🔎 What Was Studied
Motivated by U.S. Secretary of Defense Robert Gates' farewell address to NATO, this article asks whether NATO burden-sharing changed between 1999 and 2010 and whether wealthier allies were bearing the defense costs of poorer allies.
📊 How the Evidence Was Measured
- Spearman rank correlation tests applied to allies' defense-spending burdens across 1999–2009, with a close look at 2010.
- Wilcoxon tests comparing allies' defense burdens against proxies for the benefits they derive from NATO.

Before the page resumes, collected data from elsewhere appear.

(* Let $f=\frac1n\sum_{i=1}^n f_i$ where $f:\mathbb{R}^d\to\mathbb{R}$ has $L$-Lipschitz gradient and infimum $f^{\mathrm{inf}}\in\mathbb{R}$, and each $f_i$ is differentiable, bounded from below by $f_i^{\mathrm{inf}}$, and satisfies $f_i(y)\le f_i(x)+\langle\nabla f_i(x),y-x\rangle+\frac{L_i}{2}\|y-x\|^2$ for all $x,y$. Let $\Delta^{\mathrm{inf}}=\frac1n\sum_{i=1}^n(f^{\mathrm{inf}}-f_i^{\mathrm{inf}})$ and $g(x)=\frac1n\sum_{i=1}^n v_i\nabla f_i(x)$. Then for all $x$, $\mathbb{E}\|g(x)\|^2\le 2A(f(x)-f^{\mathrm{inf}})+B\|\nabla f(x)\|^2+C$ holds with: (i) for sampling with replacement: $A=\max_i\frac{L_i}{\tau n q_i}$, $B=1-\frac1\tau$, $C=2A\Delta^{\mathrm{inf}}$; (ii) for independent sampling without replacement: $A=\max_i\frac{(1-p_i)L_i}{p_i n}$, $B=1$, $C=2A\Delta^{\mathrm{inf}}$; (iii) for $\tau$-nice sampling without replacement (with $n\ge 2$): $A=\frac{n-\tau}{\tau(n-1)}\max_i L_i$, $B=\frac{n(\tau-1)}{\tau(n-1)}$, $C=2A\Delta^{\mathrm{inf}}$.
   Context: The random vector $v=(v_1,\dots,v_n)$ is generated in one of the following ways. Sampling with replacement: fix an integer $\tau\ge1$ and probabilities $q_1,\dots,q_n>0$ with $\sum_i q_i=1$; roll independently $\tau$ times a die that shows $i$ with probability $q_i$; let $S_i$ be the number of times $i$ shows up, and $v_i=S_i/(\tau q_i)$. Independent sampling without replacement: fix $p_1,\dots,p_n\in(0,1]$; form a random set $S\subseteq\{1,\dots,n\}$ containing each $i$ independently with probability $p_i$; set $v_i=\mathbf{1}_{i\in S}/p_i$. $\tau$-nice sampling without replacement: fix an integer $\tau\in[1,n]$; choose $S$ uniformly among all subsets of $\{1,\dots,n\}$ of size $\tau$; set $v_i=\mathbf{1}_{i\in S}/p_i$ with $p_i=\tau/n$. *)

theory Defs
  imports "HOL-Analysis.Analysis" "HOL-Library.FuncSet"
begin

text \<open>Indices are 0-based: the functions are f 0, ..., f (n-1).
  The minibatch estimator g(x) = (1/n) sum_i v_i * grad f_i(x), for a fixed
  realisation of the vector v.\<close>

definition minibatch_grad :: "nat \<Rightarrow> (nat \<Rightarrow> real) \<Rightarrow> (nat \<Rightarrow> 'a::real_vector) \<Rightarrow> 'a" where
  "minibatch_grad n v G = (1 / real n) *\<^sub>R (\<Sum>i<n. v i *\<^sub>R G i)"

text \<open>Sampling with replacement: the outcome of tau independent rolls of the die
  is a map s : {..<tau} -> {..<n}, having probability prod_k q (s k).\<close>

definition wr_v :: "nat \<Rightarrow> (nat \<Rightarrow> real) \<Rightarrow> (nat \<Rightarrow> nat) \<Rightarrow> nat \<Rightarrow> real" where
  "wr_v \<tau> q s i = real (card {k\<in>{..<\<tau>}. s k = i}) / (real \<tau> * q i)"

definition E_sq_with_replacement ::
  "nat \<Rightarrow> nat \<Rightarrow> (nat \<Rightarrow> real) \<Rightarrow> (nat \<Rightarrow> 'a::real_normed_vector) \<Rightarrow> real" where
  "E_sq_with_replacement n \<tau> q G =
     (\<Sum>s\<in>{..<\<tau>} \<rightarrow>\<^sub>E {..<n}. (\<Prod>k<\<tau>. q (s k)) * (norm (minibatch_grad n (wr_v \<tau> q s) G))\<^sup>2)"

definition E_sq_independent ::
  "nat \<Rightarrow> (nat \<Rightarrow> real) \<Rightarrow> (nat \<Rightarrow> 'a::real_normed_vector) \<Rightarrow> real" where
  "E_sq_independent n p G =
     (\<Sum>S\<in>Pow {..<n}. (\<Prod>i<n. if i \<in> S then p i else 1 - p i) *
        (norm (minibatch_grad n (\<lambda>i. (if i \<in> S then 1 else 0) / p i) G))\<^sup>2)"

definition E_sq_nice ::
  "nat \<Rightarrow> nat \<Rightarrow> (nat \<Rightarrow> 'a::real_normed_vector) \<Rightarrow> real" where
  "E_sq_nice n \<tau> G =
     (\<Sum>S\<in>{S. S \<subseteq> {..<n} \<and> card S = \<tau>}. (1 / real (n choose \<tau>)) *
        (norm (minibatch_grad n (\<lambda>i. (if i \<in> S then 1 else 0) / (real \<tau> / real n)) G))\<^sup>2)"

end

theory Submission
  imports Defs
begin

(* For each of the three samplings the second moments of v have the form
   E[v_i v_j] = beta + [i = j] gamma_i, so that
   E |g(x)|^2 = beta |grad f(x)|^2 + n^-2 sum_i gamma_i |grad f_i(x)|^2.
   A gradient step of length 1/L_i from x, together with the lower bound f_i^inf,
   gives |grad f_i(x)|^2 <= 2 L_i (f_i(x) - f_i^inf).  Bounding gamma_i L_i / n by A and
   averaging f_i(x) - f_i^inf = (f(x) - f^inf) + (f^inf - f_i^inf) over i yields the claim. *)

section \<open>Second moments of the minibatch estimator\<close>

lemma norm_sq_minibatch_grad:
  fixes a :: "nat \<Rightarrow> 'a::real_inner"
  shows "(norm (minibatch_grad n v a))\<^sup>2 = (\<Sum>i<n. \<Sum>j<n. v i * v j * (a i \<bullet> a j)) / (real n)\<^sup>2"
  unfolding minibatch_grad_def power2_norm_eq_inner
  by (simp add: inner_sum_left inner_sum_right sum_distrib_left sum_divide_distrib
      power2_eq_square mult_ac inner_commute)

lemma sum_norm_sq_minibatch_grad:
  fixes a :: "nat \<Rightarrow> 'a::real_inner"
  assumes moments: "\<And>i j. i < n \<Longrightarrow> j < n \<Longrightarrow>
      (\<Sum>\<omega>\<in>\<Omega>. w \<omega> * (v \<omega> i * v \<omega> j)) = \<beta> + (if i = j then \<gamma> i else 0)"
  shows "(\<Sum>\<omega>\<in>\<Omega>. w \<omega> * (norm (minibatch_grad n (v \<omega>) a))\<^sup>2)
     = \<beta> * (norm (minibatch_grad n (\<lambda>_. 1) a))\<^sup>2 + (\<Sum>i<n. \<gamma> i * (norm (a i))\<^sup>2) / (real n)\<^sup>2"
proof -
  have "(\<Sum>\<omega>\<in>\<Omega>. w \<omega> * (\<Sum>i<n. \<Sum>j<n. v \<omega> i * v \<omega> j * (a i \<bullet> a j)))
      = (\<Sum>i<n. \<Sum>j<n. (\<Sum>\<omega>\<in>\<Omega>. w \<omega> * (v \<omega> i * v \<omega> j)) * (a i \<bullet> a j))"
    by (simp add: sum_distrib_left sum_distrib_right mult_ac sum.swap[where A = \<Omega>])
  also have "\<dots> = (\<Sum>i<n. \<Sum>j<n. \<beta> * (a i \<bullet> a j) + (if i = j then \<gamma> i * (a i \<bullet> a j) else 0))"
    by (intro sum.cong refl) (simp add: moments distrib_right)
  also have "\<dots> = \<beta> * (\<Sum>i<n. \<Sum>j<n. a i \<bullet> a j) + (\<Sum>i<n. \<gamma> i * (norm (a i))\<^sup>2)"
    by (simp add: sum.distrib sum_distrib_left power2_norm_eq_inner)
  finally show ?thesis
    by (simp add: norm_sq_minibatch_grad sum_divide_distrib[symmetric] add_divide_distrib)
qed

lemma sum_norm_sq_minibatch_grad_le:
  fixes a :: "nat \<Rightarrow> 'a::real_inner"
  assumes moments: "\<And>i j. i < n \<Longrightarrow> j < n \<Longrightarrow>
      (\<Sum>\<omega>\<in>\<Omega>. w \<omega> * (v \<omega> i * v \<omega> j)) = \<beta> + (if i = j then \<gamma> i else 0)"
    and \<gamma>_nonneg: "\<And>i. i < n \<Longrightarrow> 0 \<le> \<gamma> i"
    and \<gamma>_le: "\<And>i. i < n \<Longrightarrow> \<gamma> i * Li i / real n \<le> A"
    and a_le: "\<And>i. i < n \<Longrightarrow> (norm (a i))\<^sup>2 \<le> 2 * Li i * D i"
    and D_nonneg: "\<And>i. i < n \<Longrightarrow> 0 \<le> D i"
  shows "(\<Sum>\<omega>\<in>\<Omega>. w \<omega> * (norm (minibatch_grad n (v \<omega>) a))\<^sup>2)
     \<le> \<beta> * (norm (minibatch_grad n (\<lambda>_. 1) a))\<^sup>2 + 2 * A * (1 / real n * (\<Sum>i<n. D i))"
proof -
  have "\<gamma> i * (norm (a i))\<^sup>2 / (real n)\<^sup>2 \<le> 2 * A * (D i / real n)" if i: "i < n" for i
  proof -
    have "\<gamma> i * (norm (a i))\<^sup>2 / (real n)\<^sup>2 \<le> \<gamma> i * (2 * Li i * D i) / (real n)\<^sup>2"
      using \<gamma>_nonneg[OF i] a_le[OF i] by (intro divide_right_mono mult_left_mono) auto
    also have "\<dots> = 2 * (\<gamma> i * Li i / real n) * (D i / real n)"
      by (simp add: power2_eq_square)
    also have "\<dots> \<le> 2 * A * (D i / real n)"
      using \<gamma>_le[OF i] D_nonneg[OF i] by (intro mult_right_mono) auto
    finally show ?thesis .
  qed
  then have "(\<Sum>i<n. \<gamma> i * (norm (a i))\<^sup>2) / (real n)\<^sup>2 \<le> (\<Sum>i<n. 2 * A * (D i / real n))"
    unfolding sum_divide_distrib by (intro sum_mono) auto
  then show ?thesis
    by (simp add: sum_norm_sq_minibatch_grad[OF moments] sum_distrib_left sum_divide_distrib)
qed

- A constructed, broad-based security expenditure burden that combines:
- defense spending,
- UN peacekeeping contributions,
- overseas foreign assistance.
- Benefit proxies included exposed border protection, terrorism risk, economic base, and population.
🔑 Key Findings
- Spearman tests show almost no evidence that rich NATO allies shouldered the defense-spending burden of poorer allies during 1999–2009.
- In 2010, the first evidence appears that richer allies were being exploited on defense spending.

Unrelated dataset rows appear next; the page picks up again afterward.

lemma exists_unit_circle_square_diff_le_of_Re_le_Im:
  fixes q b :: complex and A :: real
  assumes "norm (A + b) < 1" and "norm (A - b) < 1" and "A \<ge> 0" and "b \<noteq> 0"
    and "norm q = 1" and "0 \<le> Re q - A" and "Re q - A \<le> \<bar>Im q\<bar>"
  obtains p :: complex where "norm p = 1"
    and "norm ((p - A)\<^sup>2 - b\<^sup>2) \<le> norm ((q - A)\<^sup>2 + of_real ((norm b)\<^sup>2))"
proof -
  define \<zeta> where "\<zeta> = \<i> * (b / norm b)"
  have "norm \<zeta> = 1"
    using assms(4) by (simp add: \<zeta>_def norm_mult norm_divide)
  then obtain \<zeta>' w where \<zeta>': "\<zeta>' \<in> {\<zeta>, - \<zeta>}" and w: "w \<in> {q - A, cnj (q - A)}"
    and re: "Re q - A \<le> Re (\<zeta>' * w)"
    using exists_sign_Re_mult_ge[of \<zeta> "q - A"] assms(6,7) by auto
  define z where "z = \<zeta>' * w"
  have "\<zeta>'\<^sup>2 * of_real ((norm b)\<^sup>2) = - b\<^sup>2"
    using \<zeta>' assms(4) by (auto simp: \<zeta>_def power_mult_distrib power_divide)
  then have "z\<^sup>2 - b\<^sup>2 = \<zeta>'\<^sup>2 * (w\<^sup>2 + of_real ((norm b)\<^sup>2))"
    by (simp add: z_def power_mult_distrib algebra_simps)
  moreover have "norm \<zeta>' = 1"
    using \<zeta>' \<open>norm \<zeta> = 1\<close> by auto
  moreover have "norm (w\<^sup>2 + of_real ((norm b)\<^sup>2)) = norm ((q - A)\<^sup>2 + of_real ((norm b)\<^sup>2))"
    using w by (metis complex_cnj_add complex_cnj_complex_of_real complex_cnj_power complex_mod_cnj insertE singletonD)
  ultimately have zb: "norm (z\<^sup>2 - b\<^sup>2) = norm ((q - A)\<^sup>2 + of_real ((norm b)\<^sup>2))"
    by (simp add: norm_mult norm_power)
  have "norm w = norm (q - A)"
    using w by (metis complex_mod_cnj insertE singletonD)
  then have "1 \<le> norm (A + z)"
    using \<open>norm \<zeta>' = 1\<close> assms(3,5) re
    by (intro norm_of_real_add_ge_one[of q]) (simp_all add: z_def norm_mult)
  then obtain p where p: "norm p = 1"
    and le: "norm (p - (A + b)) * norm (p - (A - b))
               \<le> norm (A + z - (A + b)) * norm (A + z - (A - b)) / (norm (A + z))\<^sup>2"
    by (rule exists_unit_circle_product_le_exterior[OF assms(1,2)])
  have "norm ((p - A)\<^sup>2 - b\<^sup>2) \<le> norm (z\<^sup>2 - b\<^sup>2) / (norm (A + z))\<^sup>2"
    using le unfolding norm_mult_diff_symmetric_pair by simp
  also have "\<dots> \<le> norm (z\<^sup>2 - b\<^sup>2)"
    using \<open>1 \<le> norm (A + z)\<close> by (simp add: divide_le_eq one_le_power mult_le_cancel_left1)
  finally show ?thesis
    using that p zb by simp
qed

lemma exists_unit_circle_product_le_symmetric:
  fixes A :: real and b :: complex
  assumes "A \<ge> 0" and "b \<noteq> 0" and "norm (A + b) < 1" and "norm (A - b) < 1"
    and "A * (1 + (A\<^sup>2 + (norm b)\<^sup>2)) \<le> 2 * (A\<^sup>2 + (norm b)\<^sup>2)"
  obtains p :: complex where "norm p = 1"
    and "norm (p - (A + b)) * norm (p - (A - b))
           \<le> norm b * (1 - (A\<^sup>2 + (norm b)\<^sup>2)) / sqrt (A\<^sup>2 + (norm b)\<^sup>2)"
proof -
  define r where "r = A\<^sup>2 + (norm b)\<^sup>2"
  have "0 < r"
    using assms(2) by (simp add: r_def add_nonneg_pos)
  have "(norm (A + b))\<^sup>2 < 1" "(norm (A - b))\<^sup>2 < 1"
    using assms(3,4) abs_square_less_1[of "norm (A + b)"] abs_square_less_1[of "norm (A - b)"]
    by simp_all
  then have "r < 1"
    using parallelogram_law[of "of_real A" b] by (simp add: r_def)
  define u where "u = A * (1 + r) / (2 * r)"
  have "0 \<le> u" "u \<le> 1"
    using assms(1,5) \<open>0 < r\<close> by (simp_all add: u_def r_def)
  define q where "q = Complex u (sqrt (1 - u\<^sup>2))"
  have "u\<^sup>2 \<le> 1"
    using \<open>0 \<le> u\<close> \<open>u \<le> 1\<close> by (simp add: abs_square_le_1)
  then have "norm q = 1"
    by (simp add: q_def cmod_def)
  have "(norm ((q - A)\<^sup>2 + of_real ((norm b)\<^sup>2)))\<^sup>2 = (norm b * (1 - r) / sqrt r)\<^sup>2"
    using norm_square_shift_add_on_circle[OF \<open>norm q = 1\<close>, of A "(norm b)\<^sup>2"] \<open>0 < r\<close>
    by (simp add: q_def u_def r_def power_divide power_mult_distrib)
  then have at_q: "norm ((q - A)\<^sup>2 + of_real ((norm b)\<^sup>2)) = norm b * (1 - r) / sqrt r"
    using \<open>r < 1\<close> \<open>0 < r\<close> by (simp add: power2_eq_iff_nonneg)
  obtain p :: complex where "norm p = 1"
    and "norm ((p - A)\<^sup>2 - b\<^sup>2) \<le> norm ((q - A)\<^sup>2 + of_real ((norm b)\<^sup>2))"
  proof (cases "Re ((q - A)\<^sup>2) \<ge> 0")
    case True
    show ?thesis
      using that by (rule exists_unit_circle_square_diff_le_of_Re_nonneg[OF \<open>norm q = 1\<close> True])
  next
    case False
    have "Re q - A = A * (1 - r) / (2 * r)"
      using \<open>0 < r\<close> by (simp add: q_def u_def field_simps)
    then have "0 \<le> Re q - A"
      using assms(1) \<open>r < 1\<close> \<open>0 < r\<close> by simp
    moreover have "Re q - A \<le> \<bar>Im q\<bar>"
      using False abs_le_square_iff[of "Re q - A" "Im q"] by (simp add: Re_power2)
    ultimately show ?thesis
      using that by (rule exists_unit_circle_square_diff_le_of_Re_le_Im[OF assms(3,4,1,2) \<open>norm q = 1\<close>])
  qed
  with at_q show ?thesis
    using that unfolding norm_mult_diff_symmetric_pair r_def by simp
qed

lemma exists_unit_circle_product_le_small_midpoint:
  fixes x y :: complex
  assumes "norm x < 1" and "norm y < 1" and "x \<noteq> y"
    and "norm (x + y) * (1 + 4 / ((norm (x + y))\<^sup>2 + (norm (x - y))\<^sup>2)) \<le> 4"
  obtains p :: complex where "norm p = 1"
    and "norm (p - x) * norm (p - y)
           \<le> norm (x - y) * (4 - (norm (x + y))\<^sup>2 - (norm (x - y))\<^sup>2)
               / (4 * sqrt ((norm (x + y))\<^sup>2 + (norm (x - y))\<^sup>2))"
proof -
  define s d T where "s = norm (x + y)" and "d = norm (x - y)" and "T = s\<^sup>2 + d\<^sup>2"
  define A where "A = s / 2"
  obtain \<omega> b :: complex where "norm \<omega> = 1" and nb: "norm b = d / 2"
    and x: "x = \<omega> * (A + b)" and y: "y = \<omega> * (A - b)"
    unfolding A_def s_def d_def by (rule rotation_symmetric_normal_form)
  have "norm (A + b) < 1" "norm (A - b) < 1" "b \<noteq> 0"
    using assms(1-3) \<open>norm \<omega> = 1\<close> by (auto simp: x y norm_mult)
  have "0 < d"
    using assms(3) by (simp add: d_def)
  then have "0 < T"
    by (simp add: T_def add_nonneg_pos)
  have r: "A\<^sup>2 + (norm b)\<^sup>2 = T / 4"
    by (simp add: nb A_def T_def power_divide)
  have "s * (1 + 4 / T) * (T / 8) \<le> 4 * (T / 8)"
    using assms(4) \<open>0 < T\<close> by (intro mult_right_mono) (simp_all add: s_def d_def T_def)
  moreover have "s * (1 + 4 / T) * (T / 8) = A * (1 + T / 4)"
    using \<open>0 < T\<close> by (simp add: A_def field_simps)
  ultimately have "A * (1 + (A\<^sup>2 + (norm b)\<^sup>2)) \<le> 2 * (A\<^sup>2 + (norm b)\<^sup>2)"
    unfolding r by linarith
  moreover have "0 \<le> A"
    by (simp add: A_def s_def)
  ultimately obtain p' where p': "norm p' = 1"
    and le: "norm (p' - (A + b)) * norm (p' - (A - b))
               \<le> norm b * (1 - (A\<^sup>2 + (norm b)\<^sup>2)) / sqrt (A\<^sup>2 + (norm b)\<^sup>2)"
    using exists_unit_circle_product_le_symmetric \<open>norm (A + b) < 1\<close> \<open>norm (A - b) < 1\<close> \<open>b \<noteq> 0\<close>
    by blast
  have "norm (\<omega> * p' - x) * norm (\<omega> * p' - y) = norm (p' - (A + b)) * norm (p' - (A - b))"
    using \<open>norm \<omega> = 1\<close> by (simp add: x y norm_mult flip: right_diff_distrib)
  also have "\<dots> \<le> d * (4 - T) / (4 * sqrt T)"
  proof -
    have "d / 2 * (1 - T / 4) / sqrt (T / 4) = d * (4 - T) / (4 * sqrt T)"
      using \<open>0 < T\<close> by (simp add: real_sqrt_divide field_simps)
    then show ?thesis
      using le unfolding r unfolding nb by simp
  qed
  finally show ?thesis
    using that[of "\<omega> * p'"] \<open>norm \<omega> = 1\<close> p' by (simp add: norm_mult s_def d_def T_def diff_diff_eq)
qed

- Wilcoxon tests reveal no concordance between burdens and benefits after 2002, indicating a less cohesive alliance in which allies are not underwriting their derived benefits.

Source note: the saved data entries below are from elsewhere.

lemma meet_irreducible_Qw_descent_unique:
  assumes mi: "meet_irreducible n (Qw n w)" and w: "w permutes {1..n}"
    and k1: "1 \<le> k1" "k1 < n" "w (Suc k1) < w k1"
    and k2: "1 \<le> k2" "k2 < n" "w (Suc k2) < w k2"
  shows "k1 = k2"
proof (rule ccontr)
  assume ne: "k1 \<noteq> k2"
  define Q1 where "Q1 = Qw n (w \<circ> transpose k1 (Suc k1))"
  define Q2 where "Q2 = Qw n (w \<circ> transpose k2 (Suc k2))"
  have "qc_le n u (Qw n w)" if "qc_le n u Q1" "qc_le n u Q2" for u
    unfolding qc_le_def
  proof (intro ballI)
    fix i j assume ij: "i \<in> {0..n}" "j \<in> {0..n}"
    show "u i j \<le> Qw n w i j"
    proof (cases "i = k1")
      case True
      have "u i j \<le> Q2 i j" using that(2) ij unfolding qc_le_def by blast
      then show ?thesis using True ij ne Qw_compose_transpose_other_row[OF w k2(1,2), of i j]
        unfolding Q2_def by auto
    next
      case False
      have "u i j \<le> Q1 i j" using that(1) ij unfolding qc_le_def by blast
      then show ?thesis using False ij Qw_compose_transpose_other_row[OF w k1(1,2), of i j]
        unfolding Q1_def by auto
    qed
  qed
  then have "is_meet n Q1 Q2 (Qw n w)"
    using mi Qw_compose_transpose_descent(1)[OF w k1] Qw_compose_transpose_descent(1)[OF w k2]
    unfolding is_meet_def meet_irreducible_def Q1_def Q2_def by blast
  moreover have "Q1 \<in> Qn n" "Q2 \<in> Qn n"
    unfolding Q1_def Q2_def using Qw_in_Qn permutes_compose_transpose_Suc w k1 k2 by auto
  ultimately have "Qw n w = Q1 \<or> Qw n w = Q2" using mi by (auto simp: meet_irreducible_def)
  then show False
    using Qw_compose_transpose_descent(2)[OF w k1] Qw_compose_transpose_descent(2)[OF w k2]
    unfolding Q1_def Q2_def by fastforce
qed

- Defense spending is motivated by benefits tied to exposed border protection and terrorism risk; benefits based on economic base and population are weaker drivers for most allies.
- Using the broader security-burden measure, evidence of exploitation of the rich by the poor begins in 2004.
- Together these patterns point to a two-tiered alliance that faces significant policy challenges.
🌍 Why It Matters
The results suggest shifting incentives within NATO: linkages between who benefits and who pays have weakened, richer allies increasingly subsidize others, and alliance cohesion is strained—raising important questions for burden-sharing policy and alliance strategy.